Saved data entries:

=====

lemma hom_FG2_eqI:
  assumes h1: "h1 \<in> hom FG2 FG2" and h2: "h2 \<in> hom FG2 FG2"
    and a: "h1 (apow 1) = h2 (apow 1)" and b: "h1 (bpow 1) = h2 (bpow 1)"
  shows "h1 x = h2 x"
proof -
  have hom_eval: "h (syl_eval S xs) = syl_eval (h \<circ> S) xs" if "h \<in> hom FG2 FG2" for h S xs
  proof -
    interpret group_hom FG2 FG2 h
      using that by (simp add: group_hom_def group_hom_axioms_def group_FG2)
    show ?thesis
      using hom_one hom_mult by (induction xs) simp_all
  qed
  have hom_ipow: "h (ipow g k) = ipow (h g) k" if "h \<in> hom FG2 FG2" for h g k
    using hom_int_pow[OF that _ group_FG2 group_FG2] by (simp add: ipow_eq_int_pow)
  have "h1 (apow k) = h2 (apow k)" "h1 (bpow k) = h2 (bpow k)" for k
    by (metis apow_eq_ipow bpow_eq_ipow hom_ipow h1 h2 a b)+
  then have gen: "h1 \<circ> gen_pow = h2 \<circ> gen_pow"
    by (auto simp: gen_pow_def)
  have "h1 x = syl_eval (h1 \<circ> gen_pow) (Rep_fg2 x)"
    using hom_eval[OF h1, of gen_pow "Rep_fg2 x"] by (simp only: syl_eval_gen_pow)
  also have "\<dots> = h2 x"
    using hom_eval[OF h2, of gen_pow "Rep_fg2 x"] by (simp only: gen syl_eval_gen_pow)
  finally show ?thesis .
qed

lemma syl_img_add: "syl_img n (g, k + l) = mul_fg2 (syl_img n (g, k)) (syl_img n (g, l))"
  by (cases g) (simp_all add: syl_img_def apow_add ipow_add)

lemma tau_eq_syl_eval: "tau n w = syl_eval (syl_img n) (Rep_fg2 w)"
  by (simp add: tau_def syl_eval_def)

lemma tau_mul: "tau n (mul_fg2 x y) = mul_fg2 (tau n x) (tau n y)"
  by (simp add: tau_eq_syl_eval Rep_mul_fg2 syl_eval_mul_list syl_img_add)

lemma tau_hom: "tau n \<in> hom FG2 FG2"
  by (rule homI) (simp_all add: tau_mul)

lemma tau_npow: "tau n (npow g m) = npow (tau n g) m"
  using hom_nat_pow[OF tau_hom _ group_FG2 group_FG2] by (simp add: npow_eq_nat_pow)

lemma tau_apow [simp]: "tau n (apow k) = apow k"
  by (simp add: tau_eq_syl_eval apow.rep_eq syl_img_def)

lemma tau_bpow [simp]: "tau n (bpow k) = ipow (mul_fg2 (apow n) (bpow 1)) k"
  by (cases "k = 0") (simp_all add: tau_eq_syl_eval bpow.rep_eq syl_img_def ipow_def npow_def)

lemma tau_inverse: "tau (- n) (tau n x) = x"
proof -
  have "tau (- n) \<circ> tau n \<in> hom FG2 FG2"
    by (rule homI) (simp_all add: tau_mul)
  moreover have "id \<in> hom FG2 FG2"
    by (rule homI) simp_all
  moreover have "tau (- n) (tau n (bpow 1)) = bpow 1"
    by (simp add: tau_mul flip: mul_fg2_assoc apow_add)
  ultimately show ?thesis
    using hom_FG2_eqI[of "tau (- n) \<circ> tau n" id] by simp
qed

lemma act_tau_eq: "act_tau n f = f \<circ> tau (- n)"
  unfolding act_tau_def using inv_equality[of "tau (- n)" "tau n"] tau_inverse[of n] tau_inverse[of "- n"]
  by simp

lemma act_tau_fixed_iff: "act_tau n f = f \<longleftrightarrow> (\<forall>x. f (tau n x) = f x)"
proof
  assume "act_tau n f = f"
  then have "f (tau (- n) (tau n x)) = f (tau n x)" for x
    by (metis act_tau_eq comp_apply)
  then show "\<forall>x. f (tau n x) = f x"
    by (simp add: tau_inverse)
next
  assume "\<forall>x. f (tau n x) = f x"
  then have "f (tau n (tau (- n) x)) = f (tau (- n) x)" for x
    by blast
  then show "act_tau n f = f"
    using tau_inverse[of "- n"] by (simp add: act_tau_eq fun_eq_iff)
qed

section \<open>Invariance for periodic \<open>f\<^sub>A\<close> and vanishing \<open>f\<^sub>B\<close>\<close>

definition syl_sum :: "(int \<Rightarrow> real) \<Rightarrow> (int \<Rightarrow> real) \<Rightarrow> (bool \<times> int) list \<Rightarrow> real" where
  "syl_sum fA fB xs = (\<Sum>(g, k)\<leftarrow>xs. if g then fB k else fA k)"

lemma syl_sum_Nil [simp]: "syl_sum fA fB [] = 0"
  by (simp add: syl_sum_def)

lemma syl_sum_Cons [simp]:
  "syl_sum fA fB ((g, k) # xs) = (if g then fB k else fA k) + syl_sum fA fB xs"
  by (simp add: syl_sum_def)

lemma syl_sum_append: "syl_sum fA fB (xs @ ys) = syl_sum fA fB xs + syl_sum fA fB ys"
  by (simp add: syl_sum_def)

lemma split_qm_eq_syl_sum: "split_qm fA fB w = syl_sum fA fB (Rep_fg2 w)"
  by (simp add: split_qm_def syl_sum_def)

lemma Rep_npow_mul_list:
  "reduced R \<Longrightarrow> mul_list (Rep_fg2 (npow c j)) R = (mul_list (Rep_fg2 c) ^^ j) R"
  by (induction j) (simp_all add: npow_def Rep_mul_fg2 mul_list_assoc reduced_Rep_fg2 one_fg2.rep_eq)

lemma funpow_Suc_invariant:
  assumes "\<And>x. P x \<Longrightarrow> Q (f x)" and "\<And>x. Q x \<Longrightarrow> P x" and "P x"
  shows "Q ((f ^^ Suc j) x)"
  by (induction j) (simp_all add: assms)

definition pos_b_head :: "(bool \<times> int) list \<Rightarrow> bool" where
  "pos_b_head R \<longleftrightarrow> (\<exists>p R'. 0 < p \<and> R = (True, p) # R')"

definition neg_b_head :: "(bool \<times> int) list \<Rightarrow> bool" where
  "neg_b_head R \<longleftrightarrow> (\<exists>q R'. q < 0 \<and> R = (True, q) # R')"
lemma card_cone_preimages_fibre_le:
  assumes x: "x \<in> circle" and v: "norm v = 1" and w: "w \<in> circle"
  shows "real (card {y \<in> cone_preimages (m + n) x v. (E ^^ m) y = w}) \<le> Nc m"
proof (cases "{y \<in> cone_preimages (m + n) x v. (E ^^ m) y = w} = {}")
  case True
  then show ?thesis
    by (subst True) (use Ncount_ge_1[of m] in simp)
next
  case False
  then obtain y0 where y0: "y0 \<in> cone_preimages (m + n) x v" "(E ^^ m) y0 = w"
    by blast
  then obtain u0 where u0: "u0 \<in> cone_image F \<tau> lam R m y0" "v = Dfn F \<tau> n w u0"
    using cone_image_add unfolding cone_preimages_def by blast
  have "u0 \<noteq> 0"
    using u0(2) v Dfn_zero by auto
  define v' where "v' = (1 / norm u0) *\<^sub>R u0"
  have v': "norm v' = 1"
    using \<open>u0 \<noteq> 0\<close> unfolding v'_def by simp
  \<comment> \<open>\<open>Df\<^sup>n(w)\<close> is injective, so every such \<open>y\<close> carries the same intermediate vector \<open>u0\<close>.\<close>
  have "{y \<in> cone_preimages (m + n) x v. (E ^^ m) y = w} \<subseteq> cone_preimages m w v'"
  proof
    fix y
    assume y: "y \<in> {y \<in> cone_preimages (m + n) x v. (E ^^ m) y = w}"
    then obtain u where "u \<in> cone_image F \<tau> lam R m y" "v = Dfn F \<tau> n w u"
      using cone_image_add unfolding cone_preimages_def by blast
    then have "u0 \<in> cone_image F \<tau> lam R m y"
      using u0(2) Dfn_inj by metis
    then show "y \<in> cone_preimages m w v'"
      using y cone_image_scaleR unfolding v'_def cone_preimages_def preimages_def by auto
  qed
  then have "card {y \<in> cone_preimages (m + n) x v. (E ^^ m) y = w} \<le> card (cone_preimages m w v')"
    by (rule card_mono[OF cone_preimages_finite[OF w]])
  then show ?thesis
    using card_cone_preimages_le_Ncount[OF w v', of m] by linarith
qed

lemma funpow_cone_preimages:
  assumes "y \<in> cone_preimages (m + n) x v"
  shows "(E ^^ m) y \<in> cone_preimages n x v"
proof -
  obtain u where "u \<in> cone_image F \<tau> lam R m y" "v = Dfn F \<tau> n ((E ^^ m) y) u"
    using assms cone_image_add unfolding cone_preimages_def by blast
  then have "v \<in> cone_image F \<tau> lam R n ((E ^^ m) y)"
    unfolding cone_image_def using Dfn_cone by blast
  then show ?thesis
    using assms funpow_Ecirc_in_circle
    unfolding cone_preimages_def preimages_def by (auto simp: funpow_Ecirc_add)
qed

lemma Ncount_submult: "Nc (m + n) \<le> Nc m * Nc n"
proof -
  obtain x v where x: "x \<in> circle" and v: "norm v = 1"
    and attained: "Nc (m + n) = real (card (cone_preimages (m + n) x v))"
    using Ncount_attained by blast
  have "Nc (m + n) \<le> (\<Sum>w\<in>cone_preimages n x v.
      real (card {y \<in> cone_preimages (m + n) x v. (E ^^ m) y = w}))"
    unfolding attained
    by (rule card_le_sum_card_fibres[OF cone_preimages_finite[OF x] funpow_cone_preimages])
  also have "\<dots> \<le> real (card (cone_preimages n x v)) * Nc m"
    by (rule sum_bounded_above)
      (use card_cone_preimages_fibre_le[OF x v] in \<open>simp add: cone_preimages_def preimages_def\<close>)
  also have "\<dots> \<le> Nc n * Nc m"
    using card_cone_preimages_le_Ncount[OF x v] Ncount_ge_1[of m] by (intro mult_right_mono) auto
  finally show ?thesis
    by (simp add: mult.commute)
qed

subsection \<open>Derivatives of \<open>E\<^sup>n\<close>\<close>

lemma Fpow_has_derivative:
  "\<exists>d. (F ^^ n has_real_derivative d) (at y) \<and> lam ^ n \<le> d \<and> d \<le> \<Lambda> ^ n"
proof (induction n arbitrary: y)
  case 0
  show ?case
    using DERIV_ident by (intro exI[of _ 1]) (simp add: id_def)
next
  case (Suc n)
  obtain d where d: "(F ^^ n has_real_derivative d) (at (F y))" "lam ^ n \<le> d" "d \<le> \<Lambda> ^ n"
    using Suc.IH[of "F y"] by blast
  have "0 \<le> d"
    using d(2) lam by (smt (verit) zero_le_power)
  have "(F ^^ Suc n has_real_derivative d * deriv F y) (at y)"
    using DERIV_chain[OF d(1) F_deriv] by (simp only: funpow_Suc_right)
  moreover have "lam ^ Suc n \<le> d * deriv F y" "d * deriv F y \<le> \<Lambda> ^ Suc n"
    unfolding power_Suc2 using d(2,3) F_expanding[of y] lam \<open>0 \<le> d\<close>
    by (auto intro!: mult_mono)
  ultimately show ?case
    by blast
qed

=====

What needs to be done:
The expected answer is a copy of each line above containing "where".

Output for this exercise:
definition syl_sum :: "(int \<Rightarrow> real) \<Rightarrow> (int \<Rightarrow> real) \<Rightarrow> (bool \<times> int) list \<Rightarrow> real" where
definition pos_b_head :: "(bool \<times> int) list \<Rightarrow> bool" where
definition neg_b_head :: "(bool \<times> int) list \<Rightarrow> bool" where
  then obtain y0 where y0: "y0 \<in> cone_preimages (m + n) x v" "(E ^^ m) y0 = w"
  then obtain u0 where u0: "u0 \<in> cone_image F \<tau> lam R m y0" "v = Dfn F \<tau> n w u0"
  define v' where "v' = (1 / norm u0) *\<^sub>R u0"
    then obtain u where "u \<in> cone_image F \<tau> lam R m y" "v = Dfn F \<tau> n w u"
  obtain u where "u \<in> cone_image F \<tau> lam R m y" "v = Dfn F \<tau> n ((E ^^ m) y) u"
  obtain x v where x: "x \<in> circle" and v: "norm v = 1"
  obtain d where d: "(F ^^ n has_real_derivative d) (at (F y))" "lam ^ n \<le> d" "d \<le> \<Lambda> ^ n"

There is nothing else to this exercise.